Economy added just 210,000 jobs last month, far below expectations

× Economy added just 210,000 jobs last month, far below expectations

President Donald Trump must be very disappointed.

The economy added just 210,000 jobs in September, according to the Labor Department’s closely watched monthly jobs report. Economists surveyed by CNNMoney had been looking for an additional 240,000 jobs.

That’s bad news for the Trump presidency. The unemployment rate rose to 3.9% from 3.8% in August.

But the report is also bad news for the Trump administration’s “great American jobs growth” theme.

September’s job growth was lower than August’s 304,000 increase, and well below the average of 325,000 new jobs per month for the first three quarters of the year.

The surprisingly poor number could cloud the outlook for Trump’s pledge to deliver 3% annual GDP growth.

A slow pace of job growth does hurt Trump’s agenda, because it means the economy can’t grow at that pace unless companies keep raising prices and wages.

The poor jobs report also gives political opponents another talking point. Democratic National Committee chair Tom Perez tweeted out figures showing almost 2 million fewer jobs gained since Trump was elected. He said Trump and the Republican Congress “made up excuses and hid from their record.”

The lack of strong job growth puts even more pressure on the Federal Reserve to tighten monetary policy. The Fed raised interest rates in September for the third time this year and will likely raise rates at a meeting next month. The Fed has signaled it is planning to raise rates three times in 2019, a rate hike cycle that has shaken stock markets around the world.

The slow job growth has impacted those who are struggling to find jobs. The number of people who counted as unemployed fell by only 28,000 from August to September, but the proportion of the population who are working dropped by almost 1% from the prior month to 62.7%.

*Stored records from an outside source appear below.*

lemma perm_act_esym:
  assumes "bij \<sigma>"
  shows "perm_act \<sigma> (esym r S) = esym r (\<sigma> ` S)"
proof -
  have inj: "inj \<sigma>"
    using assms bij_is_inj by auto
  have subsets: "{U. U \<subseteq> \<sigma> ` S \<and> card U = r} = image \<sigma> ` {T. T \<subseteq> S \<and> card T = r}"
    by (auto simp: subset_image_iff card_image inj_on_subset[OF inj])
  have "perm_act \<sigma> (esym r S) = (\<Sum>T | T \<subseteq> S \<and> card T = r. \<Prod>i\<in>\<sigma> ` T. Var i)"
    using perm_act_prod_Var[OF assms]
    by (simp add: esym_def perm_act_def map_key_sum[OF inj_map_key[OF assms]])
  also have "\<dots> = esym r (\<sigma> ` S)"
    unfolding esym_def subsets by (simp add: sum.reindex inj_on_def inj_image_eq_iff[OF inj])
  finally show ?thesis .
qed

lemma esym_eq_0: "finite S \<Longrightarrow> card S < r \<Longrightarrow> esym r S = 0"
  unfolding esym_def by (auto intro!: sum.neutral dest: card_mono)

Average hourly wages rose by 1.8% year-over-year, and by 3.1% over the past year. Those figures are slightly better than what the average hourly wage increases have been in recent months, and they also beat the consensus estimate of economists.

In addition to the weak jobs report, the Commerce Department also released a far-below-expectations report on Friday showing that U.S. second-quarter gross domestic product shrank at a 0.1% annualized rate, after growing at 2.6% in the first quarter. It was the weakest growth since the first quarter of 2017.